Beige Book Sentiment and GDP Growth Move in Tandem
The figure below plots a simple measure of economic sentiment as reflected in Beige Book reports and year-over-year growth of real gross domestic product (GDP), with recessions shaded in gray. To calculate sentiment for a given Beige Book, we take the difference between the number of positive words and the number of negative words that appear in the report and divide that difference by the Beige Book’s total number of words.The lists of positive and negative words come from Elaine Henry’s October 2008 Journal of Business Communication article, “Are Investors Influenced by How Earnings Press Releases Are Written?”; Tim Loughran and Bill McDonald’s February 2011 Journal of Finance article, “When Is a Liability Not a Liability?

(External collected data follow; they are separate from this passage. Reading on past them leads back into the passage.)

lemma cstar_subalg_uniform_roe: "cstar_subalg (uniform_roe :: 'a::metric_space op set)"
proof (rule cstar_subalgI)
  show "uniform_roe \<subseteq> {T. bounded_op T}" using uniform_roe_bounded by blast
  show "op_zero \<in> uniform_roe"
    by (rule uniform_roe_memI) (rule cstar_zero)
  show "op_add S T \<in> uniform_roe" "op_mult S T \<in> uniform_roe"
    if "S \<in> uniform_roe" "T \<in> uniform_roe" for S T
    by (rule uniform_roe_memI_superset, use that in \<open>blast intro: cstar_add cstar_mult\<close>)+
  show "op_scale c T \<in> uniform_roe" if "T \<in> uniform_roe" for c T
    by (rule uniform_roe_memI_superset) (use that in \<open>blast intro: cstar_scale\<close>)
  show "T \<in> uniform_roe"
    if T: "bounded_op T" and s: "\<And>n. s n \<in> uniform_roe" and "(\<lambda>n. op_norm (op_diff (s n) T)) \<longlonglongrightarrow> 0"
    for T :: "'a op" and s
  proof (rule uniform_roe_memI_superset)
    fix A :: "'a op set" assume "cstar_subalg A" "uniform_roe \<subseteq> A"
    then show "T \<in> A" using cstar_limit[OF _ T _ that(3)] s by blast
  qed
next
  fix T :: "'a op" assume T: "T \<in> uniform_roe"
  have Tb: "bounded_op T" using uniform_roe_bounded[OF T] .
  have "adj T \<in> A" if A: "cstar_subalg A" "pt_ops \<subseteq> A" for A
  proof -
    have "T \<in> A" using T A uniform_roe_least by blast
    then obtain S where S: "S \<in> A" "is_adjoint T S" using cstar_adjoint A by blast
    have "S = adj T"
      by (rule is_adjoint_unique[OF Tb cstar_bounded[OF A(1) S(1)] adj_bounded[OF Tb] S(2)
          adj_is_adjoint[OF Tb]])
    then show ?thesis using S by simp
  qed
  then have "adj T \<in> uniform_roe" by (rule uniform_roe_memI)
  then show "\<exists>S\<in>uniform_roe. is_adjoint T S" using adj_is_adjoint[OF Tb] by blast
qed

section \<open>Conjugation by unitaries\<close>

definition Ad :: "'a op \<Rightarrow> 'a op \<Rightarrow> 'a op \<Rightarrow> 'a op" where
  "Ad U V T = (\<lambda>g. U (T (V g)))"

definition unitary_pair :: "'a op \<Rightarrow> 'a op \<Rightarrow> bool" where
  "unitary_pair U V \<longleftrightarrow> bounded_op U \<and> bounded_op V \<and> (\<forall>g\<in>ell2. U (V g) = g) \<and> (\<forall>g\<in>ell2. V (U g) = g)
     \<and> is_adjoint U V"

lemma unitary_pair_sym: "unitary_pair U V \<Longrightarrow> unitary_pair V U"
  unfolding unitary_pair_def using is_adjoint_sym by blast

lemma unitary_pair_isometry:
  assumes "unitary_pair U V" "g \<in> ell2"
  shows "l2norm (U g) = l2norm g"
proof -
  have U: "bounded_op U" and V: "bounded_op V" using assms unfolding unitary_pair_def by auto
  have "complex_of_real (sq_l2norm (U g)) = l2inner (U g) (U g)"
    by (rule l2inner_self[OF bounded_op_ell2[OF U], symmetric])
  also have "\<dots> = l2inner g (V (U g))"
    using assms bounded_op_ell2[OF U] unfolding unitary_pair_def is_adjoint_def by blast
  also have "\<dots> = l2inner g g" using assms unfolding unitary_pair_def by simp
  also have "\<dots> = complex_of_real (sq_l2norm g)" by (rule l2inner_self[OF assms(2)])
  finally show ?thesis by (simp add: l2norm_eq_sqrt)
qed

lemma Ad_bounded:
  assumes P: "unitary_pair U V" and T: "bounded_op T"
  shows "bounded_op (Ad U V T)" "op_norm (Ad U V T) \<le> op_norm T"
proof -
  have U: "bounded_op U" and V: "bounded_op V" using P unfolding unitary_pair_def by auto
  have e: "Ad U V T = op_mult U (op_mult T V)" by (simp add: Ad_def op_mult_def)
  show "bounded_op (Ad U V T)" unfolding e by (intro bounded_op_mult U V T)
  show "op_norm (Ad U V T) \<le> op_norm T"
  proof (rule op_norm_le[OF op_norm_nonneg[OF T]])
    fix g :: "'a \<Rightarrow> complex" assume g: "g \<in> ell2"
    have "l2norm (Ad U V T g) = l2norm (T (V g))"
      unfolding Ad_def by (rule unitary_pair_isometry[OF P bounded_op_ell2[OF T]])
    also have "\<dots> \<le> op_norm T * l2norm (V g)" by (rule l2norm_apply_le[OF T bounded_op_ell2[OF V]])
    also have "l2norm (V g) = l2norm g" by (rule unitary_pair_isometry[OF unitary_pair_sym[OF P] g])
    finally show "l2norm (Ad U V T g) \<le> op_norm T * l2norm g" .
  qed
qed

lemma Ad_inverse:
  assumes P: "unitary_pair U V" and T: "bounded_op T"
  shows "Ad V U (Ad U V T) = T"
proof
  fix g
  have U: "bounded_op U" and V: "bounded_op V" using P unfolding unitary_pair_def by auto
  show "Ad V U (Ad U V T) g = T g"
  proof (cases "g \<in> ell2")
    case True
    then show ?thesis using P bounded_op_ell2[OF T] unfolding Ad_def unitary_pair_def by simp
  next
    case False
    then show ?thesis using bounded_op_outside[OF U False] bounded_op_outside[OF T False]
        bounded_op_apply_zero[OF T] bounded_op_apply_zero[OF V] bounded_op_apply_zero[OF U]
      unfolding Ad_def by simp
  qed
qed

lemma Ad_zero: assumes "unitary_pair U V" shows "Ad U V op_zero = op_zero"
proof -
  have U: "bounded_op U" using assms unfolding unitary_pair_def by auto
  show ?thesis using bounded_op_apply_zero[OF U] unfolding Ad_def op_zero_def by simp
qed

lemma Ad_add:
  assumes P: "unitary_pair U V" and S: "bounded_op S" and T: "bounded_op T"
  shows "Ad U V (op_add S T) = op_add (Ad U V S) (Ad U V T)"
proof -
  have U: "bounded_op U" using P unfolding unitary_pair_def by auto
  show ?thesis unfolding Ad_def op_add_def
    using bounded_op_apply_add[OF U bounded_op_ell2[OF S] bounded_op_ell2[OF T]] by simp
qed

lemma Ad_diff:
  assumes P: "unitary_pair U V" and S: "bounded_op S" and T: "bounded_op T"
  shows "Ad U V (op_diff S T) = op_diff (Ad U V S) (Ad U V T)"
proof -
  have U: "bounded_op U" using P unfolding unitary_pair_def by auto
  show ?thesis unfolding Ad_def op_diff_def
    using bounded_op_apply_diff[OF U bounded_op_ell2[OF S] bounded_op_ell2[OF T]] by simp
qed

lemma Ad_scale:
  assumes P: "unitary_pair U V" and T: "bounded_op T"
  shows "Ad U V (op_scale c T) = op_scale c (Ad U V T)"
proof -
  have U: "bounded_op U" using P unfolding unitary_pair_def by auto
  show ?thesis unfolding Ad_def op_scale_def
    using bounded_op_apply_scale[OF U bounded_op_ell2[OF T]] by simp
qed

lemma Ad_mult:
  assumes P: "unitary_pair U V" and S: "bounded_op S" and T: "bounded_op T"
  shows "Ad U V (op_mult S T) = op_mult (Ad U V S) (Ad U V T)"
  using P bounded_op_ell2[OF T] unfolding Ad_def op_mult_def unitary_pair_def by simp

lemma Ad_adjoint:
  assumes P: "unitary_pair U V" and S: "bounded_op S" and T: "bounded_op T" and a: "is_adjoint T S"
  shows "is_adjoint (Ad U V T) (Ad U V S)"
proof -
  have U: "bounded_op U" and V: "bounded_op V" and UV: "is_adjoint U V" and VU: "is_adjoint V U"
    using P unitary_pair_sym[OF P] unfolding unitary_pair_def by auto
  have "is_adjoint (op_mult U (op_mult T V)) (op_mult (op_mult U S) V)"
    by (intro is_adjoint_mult bounded_op_mult U V S T UV VU a)
  then show ?thesis by (simp add: Ad_def op_mult_def)
qed

lemma Ad_comp: "Ad U V (Ad U' V' T) = Ad (op_mult U U') (op_mult V' V) T"
  by (simp add: Ad_def op_mult_def)

lemma op_norm_Ad_diff_le:
  assumes P: "unitary_pair U V" and S: "bounded_op S" and T: "bounded_op T"
  shows "op_norm (op_diff (Ad U V S) (Ad U V T)) \<le> op_norm (op_diff S T)"
  using Ad_bounded(2)[OF P bounded_op_diff(1)[OF S T]] Ad_diff[OF P S T] by simp

lemma Ad_in_cstar:
  assumes "cstar_subalg A" "U \<in> A" "V \<in> A" "T \<in> A"
  shows "Ad U V T \<in> A"
proof -
  have "Ad U V T = op_mult U (op_mult T V)" by (simp add: Ad_def op_mult_def)
  then show ?thesis using assms cstar_mult by metis
qed

lemma cstar_subalg_Ad_preimage:
  assumes P: "unitary_pair U V" and A: "cstar_subalg A"
  shows "cstar_subalg {T. bounded_op T \<and> Ad U V T \<in> A}" (is "cstar_subalg ?A'")
proof (rule cstar_subalgI)
  show "?A' \<subseteq> {T. bounded_op T}" by blast
  show "op_zero \<in> ?A'" using Ad_zero[OF P] cstar_zero[OF A] by simp
  show "op_add S T \<in> ?A'" "op_mult S T \<in> ?A'" if "S \<in> ?A'" "T \<in> ?A'" for S T
    using that bounded_op_add(1) bounded_op_mult(1) Ad_add[OF P] Ad_mult[OF P]
      cstar_add[OF A] cstar_mult[OF A] by auto
  show "op_scale c T \<in> ?A'" if "T \<in> ?A'" for c T
    using that bounded_op_scale(1) Ad_scale[OF P] cstar_scale[OF A] by auto
  show "\<exists>S\<in>?A'. is_adjoint T S" if "T \<in> ?A'" for T
  proof -
    have T: "bounded_op T" "Ad U V T \<in> A" using that by auto
    obtain S' where S': "S' \<in> A" "is_adjoint (Ad U V T) S'" using cstar_adjoint[OF A T(2)] by blast
    have S'b: "bounded_op S'" using cstar_bounded[OF A S'(1)] .
    have Sb: "bounded_op (Ad V U S')" by (rule Ad_bounded(1)[OF unitary_pair_sym[OF P] S'b])
    have "Ad U V (Ad V U S') = S'" by (rule Ad_inverse[OF unitary_pair_sym[OF P] S'b])
    moreover have "is_adjoint T (Ad V U S')"
      using Ad_adjoint[OF unitary_pair_sym[OF P] S'b Ad_bounded(1)[OF P T(1)] S'(2)]
        Ad_inverse[OF P T(1)]
      by simp
    ultimately show ?thesis using S'(1) Sb by auto
  qed
  show "T \<in> ?A'"
    if T: "bounded_op T" and s: "\<And>n. s n \<in> ?A'" and l: "(\<lambda>n. op_norm (op_diff (s n) T)) \<longlonglongrightarrow> 0" for T s
  proof -
    have sb: "\<And>n. bounded_op (s n)" and sA: "\<And>n. Ad U V (s n) \<in> A" using s by auto
    have "(\<lambda>n. op_norm (op_diff (Ad U V (s n)) (Ad U V T))) \<longlonglongrightarrow> 0"
      by (rule op_norm_tendsto_0_compare[OF _ op_norm_Ad_diff_le[OF P sb T] l])
        (intro bounded_op_diff Ad_bounded P sb T)
    then show ?thesis using cstar_limit[OF A Ad_bounded(1)[OF P T] sA] T by simp
  qed
qed

lemma Ad_preserves_uniform_roe:
  assumes P: "unitary_pair U V"
    and pt: "\<And>D f. partial_translation D f \<Longrightarrow> Ad U V (pt_op D f) \<in> uniform_roe"
    and T: "T \<in> uniform_roe"
  shows "Ad U V T \<in> uniform_roe"
proof -
  have "pt_ops \<subseteq> {T. bounded_op T \<and> Ad U V T \<in> uniform_roe}"
    using pt bounded_pt_op by blast
  then have "uniform_roe \<subseteq> {T. bounded_op T \<and> Ad U V T \<in> uniform_roe}"
    by (rule uniform_roe_least[OF cstar_subalg_Ad_preimage[OF P cstar_subalg_uniform_roe]])
  then show ?thesis using T by blast
qed

lemma star_automorphism_Ad:
  assumes P: "unitary_pair U V" and A: "A \<subseteq> {T. bounded_op T}"
    and UV: "\<And>T. T \<in> A \<Longrightarrow> Ad U V T \<in> A" and VU: "\<And>T. T \<in> A \<Longrightarrow> Ad V U T \<in> A"
  shows "star_automorphism A (Ad U V)"
  unfolding star_automorphism_def
proof (intro conjI ballI allI impI)
  show "bij_betw (Ad U V) A A"
  proof (rule bij_betw_byWitness[where f'="Ad V U"])
    show "\<forall>T\<in>A. Ad V U (Ad U V T) = T" using Ad_inverse[OF P] A by blast
    show "\<forall>T\<in>A. Ad U V (Ad V U T) = T" using Ad_inverse[OF unitary_pair_sym[OF P]] A by blast
    show "Ad U V ` A \<subseteq> A" "Ad V U ` A \<subseteq> A" using UV VU by blast+
  qed
next
  fix S T assume "S \<in> A" "T \<in> A"
  then have S: "bounded_op S" and T: "bounded_op T" using A by auto
  show "Ad U V (op_add S T) = op_add (Ad U V S) (Ad U V T)" by (rule Ad_add[OF P S T])
  show "Ad U V (op_mult S T) = op_mult (Ad U V S) (Ad U V T)" by (rule Ad_mult[OF P S T])
  show "is_adjoint (Ad U V T) (Ad U V S)" if "is_adjoint T S" by (rule Ad_adjoint[OF P S T that])
next
  fix c T assume "T \<in> A"
  then show "Ad U V (op_scale c T) = op_scale c (Ad U V T)" using A Ad_scale[OF P] by blast
qed

lemma star_automorphism_comp:
  assumes \<phi>: "star_automorphism A \<phi>" and \<psi>: "star_automorphism A \<psi>"
  shows "star_automorphism A (\<phi> \<circ> \<psi>)"
proof -
  have "bij_betw \<psi> A A" using \<psi> unfolding star_automorphism_def by blast
  then have in_A: "\<psi> T \<in> A" if "T \<in> A" for T using that by (rule bij_betw_apply)
  show ?thesis
    unfolding star_automorphism_def comp_def
  proof (intro conjI ballI allI impI)
    show "bij_betw (\<lambda>T. \<phi> (\<psi> T)) A A"
      using bij_betw_trans[of \<psi> A A \<phi>] \<phi> \<psi> unfolding star_automorphism_def comp_def by blast
  next
    fix S T assume "S \<in> A" "T \<in> A"
    with in_A \<phi> \<psi> show "\<phi> (\<psi> (op_add S T)) = op_add (\<phi> (\<psi> S)) (\<phi> (\<psi> T))"
      "\<phi> (\<psi> (op_mult S T)) = op_mult (\<phi> (\<psi> S)) (\<phi> (\<psi> T))"
      unfolding star_automorphism_def by simp_all
    show "is_adjoint (\<phi> (\<psi> T)) (\<phi> (\<psi> S))" if "is_adjoint T S"
      using that \<open>S \<in> A\<close> \<open>T \<in> A\<close> in_A \<phi> \<psi> unfolding star_automorphism_def by blast
  next
    fix c T assume "T \<in> A"
    with in_A \<phi> \<psi> show "\<phi> (\<psi> (op_scale c T)) = op_scale c (\<phi> (\<psi> T))"
      unfolding star_automorphism_def by simp
  qed
qed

Textual Analysis, Dictionaries, and 10-Ks”; and Luca Barbaglia, Sergio Consoli, Sebastiano Manzan, Luca Tiozzo Pezzoli and Elisa Tosetti’s May 2022 working paper, “Sentiment Analysis of Economic Text: A Lexicon-Based Approach.”
Beige Book Sentiment and Year-over-Year Real GDP Growth

SOURCES: National Bureau of Economic Research, Bureau of Economic Analysis and authors’ calculations.

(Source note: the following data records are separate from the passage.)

lemma op_ker_adjoint:
  assumes "is_adjoint D f D' g" "closure D = UNIV"
  shows "op_ker D' g = (\<Inter>x\<in>D. {y. cinner (f x) y = 0})"
proof (intro equalityI subsetI)
  fix y
  assume "y \<in> op_ker D' g"
  then show "y \<in> (\<Inter>x\<in>D. {y. cinner (f x) y = 0})"
    using is_adjoint_cinner[OF assms(1)] by (simp add: op_ker_def)
next
  fix y
  assume "y \<in> (\<Inter>x\<in>D. {y. cinner (f x) y = 0})"
  then have "\<And>x. x \<in> D \<Longrightarrow> cinner (f x) y = cinner x 0" by simp
  from is_adjoint_memI[OF assms this] show "y \<in> op_ker D' g" by (simp add: op_ker_def)
qed

lemma closed_op_ker_adjoint:
  "is_adjoint D f D' g \<Longrightarrow> closure D = UNIV \<Longrightarrow> closed (op_ker D' g)"
  unfolding op_ker_adjoint by (intro closed_INT ballI closed_cinner_right_eq_0)

lemma csubspace_op_ker_adjoint:
  "is_adjoint D f D' g \<Longrightarrow> closure D = UNIV \<Longrightarrow> csubspace (op_ker D' g)"
  unfolding op_ker_adjoint csubspace_def by (simp add: cinner_add_right cinner_scaleC_right)

lemma closed_graph_norm_iff:
  "closed_graph_norm W T S \<longleftrightarrow>
     (\<forall>u x. (\<forall>n. u n \<in> S) \<longrightarrow> x \<in> W \<longrightarrow> (\<lambda>n. (u n, T (u n))) \<longlonglongrightarrow> (x, T x) \<longrightarrow> x \<in> S)"
proof -
  have "(\<lambda>n. sqrt ((norm (u n - x))\<^sup>2 + (norm (T (u n) - T x))\<^sup>2)) \<longlonglongrightarrow> 0
      \<longleftrightarrow> (\<lambda>n. (u n, T (u n))) \<longlonglongrightarrow> (x, T x)" for u :: "nat \<Rightarrow> 'a" and x
  proof -
    have "(\<lambda>n. sqrt ((norm (u n - x))\<^sup>2 + (norm (T (u n) - T x))\<^sup>2))
        = (\<lambda>n. norm ((u n, T (u n)) - (x, T x)))"
      by (simp add: norm_Pair)
    then show ?thesis by (simp only: tendsto_norm_zero_iff LIM_zero_iff)
  qed
  then show ?thesis unfolding closed_graph_norm_def by (simp only:)
qed

lemma bounded_symmetric_representer:
  assumes S: "dd_lin_op D S"
    and symmetric: "\<And>x y. x \<in> D \<Longrightarrow> y \<in> D \<Longrightarrow> cinner (S x) y = cinner x (S y)"
    and bounded: "\<And>x. x \<in> D \<Longrightarrow> norm (S x) \<le> c * norm x"
  obtains z where "\<And>x. x \<in> D \<Longrightarrow> cinner (S x) y = cinner x z" and "norm z \<le> c * norm y"
proof -
  have "y \<in> closure D" using dd_lin_opD(2)[OF S] by simp
  then obtain f where f: "\<And>n. f n \<in> D" "f \<longlonglongrightarrow> y" by (meson closure_sequential)
  have "Cauchy (\<lambda>n. S (f n))"
  proof (rule Cauchy_if_norm_diff_le[OF LIMSEQ_imp_Cauchy[OF f(2)] zero_less_one])
    fix m n
    show "1 * norm (S (f m) - S (f n)) \<le> c * norm (f m - f n)"
      using bounded[OF csubspace_diff[OF dd_lin_opD(1)[OF S] f(1) f(1)]]
      by (simp add: dd_lin_opD(3)[OF S f(1) f(1)])
  qed
  then obtain z where z: "(\<lambda>n. S (f n)) \<longlonglongrightarrow> z" by (auto simp: Cauchy_convergent_iff convergent_def)
  show thesis
  proof
    fix x
    assume "x \<in> D"
    have "(\<lambda>n. cinner (S x) (f n)) \<longlonglongrightarrow> cinner (S x) y"
      by (rule tendsto_cinner[OF tendsto_const f(2)])
    moreover have "(\<lambda>n. cinner (S x) (f n)) \<longlonglongrightarrow> cinner x z"
      unfolding symmetric[OF \<open>x \<in> D\<close> f(1)] by (rule tendsto_cinner[OF tendsto_const z])
    ultimately show "cinner (S x) y = cinner x z" by (rule LIMSEQ_unique)
  next
    show "norm z \<le> c * norm y"
      using f bounded by (intro LIMSEQ_le[OF tendsto_norm[OF z] tendsto_mult_left[OF tendsto_norm]]) auto
  qed
qed

lemma closed_opD:
  assumes "closed_op D f" "\<And>n. x n \<in> D" "x \<longlonglongrightarrow> y" "(\<lambda>n. f (x n)) \<longlonglongrightarrow> z"
  shows "y \<in> D" and "f y = z"
proof -
  have "closed {(x, f x) | x. x \<in> D}" using assms(1) by (simp add: closed_op_def)
  moreover have "(x n, f (x n)) \<in> {(x, f x) | x. x \<in> D}" for n using assms(2) by blast
  moreover have "(\<lambda>n. (x n, f (x n))) \<longlonglongrightarrow> (y, z)" using assms(3,4) by (rule tendsto_Pair)
  ultimately have "(y, z) \<in> {(x, f x) | x. x \<in> D}" by (rule closed_sequentially)
  then show "y \<in> D" "f y = z" by auto
qed

locale friedrichs_pair =
  fixes W0 W Wt :: "'a::complex_hilbert set" and T0 Tt0 T1 Tt1 :: "'a \<Rightarrow> 'a" and c \<mu> :: real
  assumes dd_lin_op_T0: "dd_lin_op W0 T0" and dd_lin_op_Tt0: "dd_lin_op W0 Tt0"
    and formal_adjoint: "\<And>\<phi> \<psi>. \<phi> \<in> W0 \<Longrightarrow> \<psi> \<in> W0 \<Longrightarrow> cinner (T0 \<phi>) \<psi> = cinner \<phi> (Tt0 \<psi>)"
    and c_nonneg: "0 \<le> c"
    and sum_bounded: "\<And>\<phi>. \<phi> \<in> W0 \<Longrightarrow> norm (T0 \<phi> + Tt0 \<phi>) \<le> c * norm \<phi>"
    and \<mu>_pos: "0 < \<mu>"
    and sum_coercive: "\<And>\<phi>. \<phi> \<in> W0 \<Longrightarrow> 2 * \<mu> * (norm \<phi>)\<^sup>2 \<le> Re (cinner (T0 \<phi> + Tt0 \<phi>) \<phi>)"
    and adjoint_T1: "is_adjoint W0 Tt0 W T1" and adjoint_Tt1: "is_adjoint W0 T0 Wt Tt1"
begin

lemma dense_W0: "closure W0 = UNIV"
  using dd_lin_opD(2)[OF dd_lin_op_T0] .

lemma formal_adjoint_swapped: "\<phi> \<in> W0 \<Longrightarrow> \<psi> \<in> W0 \<Longrightarrow> cinner (Tt0 \<phi>) \<psi> = cinner \<phi> (T0 \<psi>)"
  by (metis formal_adjoint cinner_commute)

text \<open>The hypotheses are symmetric under exchanging \<open>T0\<close> with \<open>Tt0\<close> (and hence \<open>T1\<close> with
  \<open>Tt1\<close>), so every result below is also available with the roles swapped.\<close>

lemma friedrichs_pair_swapped: "friedrichs_pair W0 Wt W Tt0 T0 Tt1 T1 c \<mu>"
  by unfold_locales
    (use dd_lin_op_T0 dd_lin_op_Tt0 formal_adjoint_swapped c_nonneg sum_bounded \<mu>_pos sum_coercive
      adjoint_T1 adjoint_Tt1 in \<open>simp_all add: add.commute\<close>)

lemma T1_extends_T0:
  assumes "x \<in> W0"
  shows "x \<in> W" and "T1 x = T0 x"
  using is_adjoint_memI[OF adjoint_T1 dense_W0] formal_adjoint_swapped[OF _ assms] by blast+

lemmas T1_add = is_adjoint_add[OF adjoint_T1 dense_W0]
  and T1_diff = is_adjoint_diff[OF adjoint_T1 dense_W0]

lemma T0_plus_Tt0_representer:
  obtains z where "\<And>x. x \<in> W0 \<Longrightarrow> cinner (T0 x + Tt0 x) y = cinner x z" and "norm z \<le> c * norm y"
proof (rule bounded_symmetric_representer[OF dd_lin_op_add[OF dd_lin_op_T0 dd_lin_op_Tt0]])
  show "cinner (T0 x + Tt0 x) y = cinner x (T0 y + Tt0 y)" if "x \<in> W0" "y \<in> W0" for x y
    using that formal_adjoint formal_adjoint_swapped by (simp add: cinner_add_left cinner_add_right)
qed (use sum_bounded in blast)+

lemma T1_plus_Tt1_representer:
  assumes "u \<in> W" and "\<And>x. x \<in> W0 \<Longrightarrow> cinner (T0 x + Tt0 x) u = cinner x z"
  shows "u \<in> Wt" and "T1 u + Tt1 u = z"
proof -
  have "\<And>x. x \<in> W0 \<Longrightarrow> cinner (T0 x) u = cinner x (z - T1 u)"
    using assms is_adjoint_cinner[OF adjoint_T1 assms(1)]
    by (simp add: cinner_add_left cinner_diff_right algebra_simps)
  then show "u \<in> Wt" and "T1 u + Tt1 u = z"
    using is_adjoint_memI[OF adjoint_Tt1 dense_W0] by auto
qed

lemma W_subset_Wt: "W \<subseteq> Wt"
  by (metis T0_plus_Tt0_representer T1_plus_Tt1_representer(1) subsetI)

lemma Wt_eq_W: "Wt = W"
  using W_subset_Wt friedrichs_pair.W_subset_Wt[OF friedrichs_pair_swapped] by blast

lemma norm_T1_plus_Tt1_le: "u \<in> W \<Longrightarrow> norm (T1 u + Tt1 u) \<le> c * norm u"
  by (metis T0_plus_Tt0_representer T1_plus_Tt1_representer(2))

lemma T1_plus_Tt1_diff:
  "u \<in> W \<Longrightarrow> v \<in> W \<Longrightarrow> T1 (u - v) + Tt1 (u - v) = (T1 u + Tt1 u) - (T1 v + Tt1 v)"
  using T1_diff friedrichs_pair.T1_diff[OF friedrichs_pair_swapped] by (simp add: Wt_eq_W)

lemma tendsto_T1_plus_Tt1:
  assumes "\<And>n. f n \<in> W" "u \<in> W" "f \<longlonglongrightarrow> u"
  shows "(\<lambda>n. T1 (f n) + Tt1 (f n)) \<longlonglongrightarrow> T1 u + Tt1 u"
proof (rule LIM_zero_cancel, rule Lim_null_comparison)
  show "\<forall>\<^sub>F n in sequentially. norm (T1 (f n) + Tt1 (f n) - (T1 u + Tt1 u)) \<le> c * norm (f n - u)"
    using assms(1,2) norm_T1_plus_Tt1_le[OF T1_diff(1)] by (simp add: T1_plus_Tt1_diff[symmetric])
  show "(\<lambda>n. c * norm (f n - u)) \<longlonglongrightarrow> 0"
    using assms(3) by (intro tendsto_mult_right_zero) (simp add: LIM_zero tendsto_norm_zero)
qed

lemma T1_plus_Tt1_coercive:
  assumes "u \<in> W"
  shows "2 * \<mu> * (norm u)\<^sup>2 \<le> Re (cinner (T1 u + Tt1 u) u)"
proof -
  have "u \<in> closure W0" using dense_W0 by simp
  then obtain f where f: "\<And>n. f n \<in> W0" "f \<longlonglongrightarrow> u" by (meson closure_sequential)
  have "(\<lambda>n. Re (cinner (T1 (f n) + Tt1 (f n)) (f n))) \<longlonglongrightarrow> Re (cinner (T1 u + Tt1 u) u)"
    using f T1_extends_T0(1) by (intro tendsto_Re tendsto_cinner tendsto_T1_plus_Tt1 assms) auto
  moreover have "(\<lambda>n. 2 * \<mu> * (norm (f n))\<^sup>2) \<longlonglongrightarrow> 2 * \<mu> * (norm u)\<^sup>2"
    by (intro tendsto_intros f(2))
  moreover have "2 * \<mu> * (norm (f n))\<^sup>2 \<le> Re (cinner (T1 (f n) + Tt1 (f n)) (f n))" for n
    using sum_coercive f(1) T1_extends_T0(2) friedrichs_pair.T1_extends_T0(2)[OF friedrichs_pair_swapped]
    by simp
  ultimately show ?thesis by (intro LIMSEQ_le) auto
qed

lemma ker_T1_closed: "closed (op_ker W T1)"
  and ker_T1_csubspace: "csubspace (op_ker W T1)"
  using closed_op_ker_adjoint csubspace_op_ker_adjoint adjoint_T1 dense_W0 by blast+

lemma ker_Tt1_closed: "closed (op_ker Wt Tt1)"
  and ker_Tt1_csubspace: "csubspace (op_ker Wt Tt1)"
  using friedrichs_pair.ker_T1_closed friedrichs_pair.ker_T1_csubspace friedrichs_pair_swapped
  by blast+

lemma T1_on_W0_plus_ker_T1:
  assumes "w \<in> W0" "a \<in> op_ker W T1" "b \<in> W"
  shows "w + a + b \<in> W" and "T1 (w + a + b) = T0 w + T1 b"
  using assms T1_extends_T0 T1_add by (auto simp: op_ker_def)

NOTES: Data are quarterly. GDP growth and Beige Book sentiment have been standardized with respect to their averages and standard deviations from the second quarter of 1970 to the third quarter of 2024. As a result, the positive (negative) values shown here indicate that GDP growth and sentiment are above (below) average, rather than that they are positive (negative). Quarters that experienced recession as defined by the National Bureau of Economic Research are shaded in gray.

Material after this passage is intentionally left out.